La puesta en escena de semejante complejo de asuntos y sensaciones constituye todo un reto que La Machina ha sabido solventar con su profesionalidad habitual, y en ello han tenido un papel esencial lo mismo el director ya mencionado, Etelvino Vázquez, como el ayudante de dirección, Francisco Valcarce, de quien se aprecia la huella evidente –y sabia– en la concepción del montaje. Jugando con paneles semitransparentes, con escalones y con lámparas que los protagonistas apagan y encienden, se logra una plasmación inteligente de los diferentes niveles de realidad/sueño – pasado/presente que va desgranando el texto dramático, así como de las múltiples personalidades que van asumiendo los personajes implicados. La mesa apartada, con un flexo, funciona perfectamente como peculiar mesa de interrogatorio y confesión, y la música es otro elemento que se emplea para delimitar tiempos y estados de ánimo. El diseño de la iluminación, a cargo de Víctor Lorenzo y Etelvino Vázquez, es elegante, certero y pleno de significaciones, con una importancia sigilosa pero fundamental, casi como una banda sonora. De los actores, Laura Orduña y Jon Ariño, cabe resaltar especialmente la labor del segundo, en su justa medida de ironía y angustia combinadas, en tanto que en Orduña, aun siendo su papel de notoria dificultad y amplitud de registros, se echa en falta una cierta dosis de mesura de dicción y gestual, en especial en la primera mitad de la obra.
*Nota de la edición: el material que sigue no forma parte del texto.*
lemma set_integral_le_of_has_integral:
  fixes f g :: "real \<Rightarrow> real"
  assumes g: "(g has_integral I) {p..q}" and le: "\<And>x. x \<in> {p..q} \<Longrightarrow> f x \<le> g x" and "0 \<le> I"
  shows "(LINT x:{p..q}|lborel. f x) \<le> I"
proof (cases "set_integrable lborel {p..q} f")
  case True
  have "integral {p..q} f \<le> I"
    by (rule has_integral_le[OF integrable_integral[OF set_borel_integral_eq_integral(1)[OF True]] g le])
  then show ?thesis
    using set_borel_integral_eq_integral(2)[OF True] by simp
next
  case False
  then show ?thesis
    using \<open>0 \<le> I\<close> by (simp add: set_lebesgue_integral_def set_integrable_def not_integrable_integral_eq)
qed

lemma ex_small_of_bounded_weighted_sums:
  fixes c x :: "nat \<Rightarrow> real"
  assumes div: "filterlim (\<lambda>N. \<Sum>n<N. c n) at_top sequentially" and c: "\<And>n. 0 \<le> c n"
    and bound: "\<And>N. (\<Sum>n<N. c n * x n) \<le> C" and "0 < e"
  shows "\<exists>n. x n < e"
proof (rule ccontr)
  assume "\<not> (\<exists>n. x n < e)"
  then have "c n * e \<le> c n * x n" for n
    using c[of n] by (intro mult_left_mono) (auto simp: not_less)
  then have "(\<Sum>n<N. c n) * e \<le> C" for N
    using order_trans[OF sum_mono bound, of N "\<lambda>n. c n * e"] by (simp add: sum_distrib_right)
  moreover obtain N where "C / e + 1 \<le> (\<Sum>n<N. c n)"
    using div unfolding filterlim_at_top eventually_sequentially by blast
  ultimately show False
    using \<open>0 < e\<close> by (smt (verit, best) mult_right_mono divide_pos_pos le_divide_eq)
qed

lemma norm_sq_add_inner_diff_le:
  fixes x y :: "'a::real_inner"
  shows "(norm y)\<^sup>2 + 2 * inner y (x - y) \<le> (norm x)\<^sup>2"
proof -
  have "(norm x)\<^sup>2 = (norm y)\<^sup>2 + 2 * inner y (x - y) + (norm (x - y))\<^sup>2"
    by (simp add: power2_norm_eq_inner inner_diff inner_commute algebra_simps)
  then show ?thesis by simp
qed

lemma mult_square_le_of_le_add:
  fixes w x y u :: real
  assumes "0 \<le> w" "w \<le> 1" "0 \<le> x" "0 \<le> y" "0 \<le> u" "x \<le> y + u"
  shows "w * x\<^sup>2 \<le> 2 * (w * y\<^sup>2) + 2 * u\<^sup>2"
proof -
  have "x\<^sup>2 \<le> (y + u)\<^sup>2" using assms by (intro power_mono) auto
  also have "\<dots> \<le> 2 * y\<^sup>2 + 2 * u\<^sup>2"
    using zero_le_power2[of "y - u"] by (simp add: power2_eq_square algebra_simps)
  finally have "w * x\<^sup>2 \<le> w * (2 * y\<^sup>2 + 2 * u\<^sup>2)" by (rule mult_left_mono) (use assms in simp)
  moreover have "w * u\<^sup>2 \<le> u\<^sup>2" using assms by (simp add: mult_left_le_one_le)
  ultimately show ?thesis by (simp add: algebra_simps)
qed
(* Let $\Phi=(\phi_1,\dots,\phi_K)$, $\phi_i\in\mathbb{R}^d$, be a unit norm tight frame with frame constant $A=K/d$ and coherence $\mu$. Let $c\in\mathbb{R}^K$ satisfy $c_1\ge c_2\ge\dots\ge c_K\ge 0$ and $\|c\|_2=1$, and let $x=c_{p,\sigma}$ with probability $(2^K K!)^{-1}$ for each permutation $p$ of $\{1,\dots,K\}$ and each sign sequence $\sigma\in\{-1,1\}^K$; set $y=\Phi x$. If $c_1>c_2+2\mu\|c\|_1$, then $\Phi$ is a local maximum of $$\max_{\Psi\in\mathcal D}\ \mathbb{E}_y\big(\|\Psi^\star y\|_\infty^2\big).$$ Moreover, for every $\Psi=(\psi_1,\dots,\psi_K)\in\mathcal D$ with $0<\max_i\|\psi_i-\phi_i\|_2\le\varepsilon$ we have $\mathbb{E}_x\|\Psi^\star\Phi x\|_\infty^2<\mathbb{E}_x\|\Phi^\star\Phi x\|_\infty^2$ as soon as $\varepsilon<1/5$ and $$\varepsilon\le\frac{\Big(1-2\frac{c_2+\mu\|c\|_1}{c_2+c_1}\Big)^2}{2A\log\Big(2AK\big/\big(c_1^2-\frac{1-c_1^2}{K-1}\big)\Big)}.$$
   Context: $\mathcal D$ denotes the set of dictionaries $\Psi=(\psi_1,\dots,\psi_K)$ with $\psi_i\in\mathbb{R}^d$, $\|\psi_i\|_2=1$. A unit norm tight frame with frame constant $A$ is a dictionary in $\mathcal D$ with $\sum_{i=1}^K|\langle\phi_i,v\rangle|^2=A\|v\|_2^2$ for all $v\in\mathbb{R}^d$ (so $A=K/d$). The coherence is $\mu=\max_{i\neq j}|\langle\phi_i,\phi_j\rangle|$. For a sequence $c\in\mathbb{R}^K$, a permutation $p$ and signs $\sigma$, $c_{p,\sigma}\in\mathbb{R}^K$ is defined componentwise by $c_{p,\sigma}(i)=\sigma_i c_{p(i)}$. $\Psi^\star$ denotes the transpose. *)

theory Defs
  imports "HOL-Analysis.Analysis" "HOL-Combinatorics.Permutations"
begin

definition dicts :: "nat \<Rightarrow> (nat \<Rightarrow> real^'d) set" where
  "dicts K = {\<Psi>. \<forall>i<K. norm (\<Psi> i) = 1}"

definition is_tight_frame :: "nat \<Rightarrow> (nat \<Rightarrow> real^'d) \<Rightarrow> real \<Rightarrow> bool" where
  "is_tight_frame K \<Phi> A \<longleftrightarrow> (\<forall>v::real^'d. (\<Sum>i<K. (\<Phi> i \<bullet> v)^2) = A * (norm v)^2)"

definition is_untf :: "nat \<Rightarrow> (nat \<Rightarrow> real^'d) \<Rightarrow> real \<Rightarrow> bool" where
  "is_untf K \<Phi> A \<longleftrightarrow> \<Phi> \<in> dicts K \<and> is_tight_frame K \<Phi> A"

definition coherence :: "nat \<Rightarrow> (nat \<Rightarrow> real^'d) \<Rightarrow> real" where
  "coherence K \<Phi> = Max {\<bar>\<Phi> i \<bullet> \<Phi> j\<bar> | i j. i < K \<and> j < K \<and> i \<noteq> j}"

definition synth :: "nat \<Rightarrow> (nat \<Rightarrow> real^'d) \<Rightarrow> (nat \<Rightarrow> real) \<Rightarrow> real^'d" where
  "synth K \<Phi> x = (\<Sum>i<K. x i *\<^sub>R \<Phi> i)"

definition analysis_supnorm :: "nat \<Rightarrow> (nat \<Rightarrow> real^'d) \<Rightarrow> real^'d \<Rightarrow> real" where
  "analysis_supnorm K \<Psi> y = Max ((\<lambda>i. \<bar>\<Psi> i \<bullet> y\<bar>) ` {..<K})"

definition permsign :: "(nat \<Rightarrow> real) \<Rightarrow> (nat \<Rightarrow> nat) \<Rightarrow> (nat \<Rightarrow> real) \<Rightarrow> nat \<Rightarrow> real" where
  "permsign c p \<sigma> i = \<sigma> i * c (p i)"
(* Let $(\Theta,\mathcal F,\nu)$ be a measure space (with $\Theta$ discrete or continuous), and for each $\vartheta\in\Theta$ let $(V_{n,k}(\vartheta))_{1\le k\le n}$ and $(W_s(\vartheta))_{s\ge1}$ be nonnegative, measurable in $\vartheta$. Suppose that for each $n$, $\Pi_n$ is a finitely exchangeable random partition of $[n]$ whose EPPF is $$p^{(n)}(n_1,\dots,n_k)=\int_\Theta V_{n,k}(\vartheta)\prod_{j=1}^kW_{n_j}(\vartheta)\,\nu(d\vartheta)$$ (a mixture of Gibbs partitions). Then for every $n\ge1$: if $(W_s(\vartheta))_{s\ge1}$ is log-convex for each $\vartheta\in\Theta$, then $p^{(n)}$ is balance-averse; if $(W_s(\vartheta))_{s\ge1}$ is log-concave for each $\vartheta\in\Theta$, then $p^{(n)}$ is balance-seeking.
   Context: For positive integers $k\le n$, $\mathcal I_n^k$ denotes the set of nonincreasing $k$-tuples $\mathbf n=(n_1,\dots,n_k)$ of positive integers with $\sum_jn_j=n$. For $\mathbf n,\mathbf n'\in\mathcal I_n^k$ write $\mathbf n\prec\mathbf n'$ if $\mathbf n\neq\mathbf n'$ and $\sum_{j=1}^J n_j\ge\sum_{j=1}^J n'_j$ for all $J=1,\dots,k$. The EPPF of a finitely exchangeable (i.e. permutation-invariant in law) random partition $\Pi_n$ of $[n]$ is the symmetric function $p^{(n)}$ with $\mathbb P(\Pi_n=\{S_1,\dots,S_k\})=p^{(n)}(|S_1|,\dots,|S_k|)$. It is balance-averse if for all $k\le n$ and $\mathbf n,\mathbf n'\in\mathcal I^k_n$, $\mathbf n\prec\mathbf n'$ implies $p^{(n)}(\mathbf n)\ge p^{(n)}(\mathbf n')$, and balance-seeking if it implies $p^{(n)}(\mathbf n)\le p^{(n)}(\mathbf n')$. A sequence $(W_s)_{s\ge1}$ is log-convex if $W_s^2\le W_{s-1}W_{s+1}$ for all $s\ge2$, and log-concave if $W_s^2\ge W_{s-1}W_{s+1}$ for all $s\ge2$ and it has no internal zeros (no $a<b<c$ with $W_a>0,W_b=0,W_c>0$). *)

theory Defs
  imports "HOL-Probability.Probability" "HOL-Library.Disjoint_Sets" "HOL-Library.Multiset"
begin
Finalmente, como en un bucle, el matrimonio ventila sus terrores con una conversación de escasa monta. Pero cuando nos levantamos lo sabemos, y tememos que quizá, en algún momento, llegue a ocurrirnos lo mismo; aquello que, en Reunión de amigos, escribió José Emilio Pacheco: ''Ya somos todo aquello/ contra lo que luchamos a los veinte años''. Gustavo Ott y La Machina lo han dejado bien, pero que bien patente.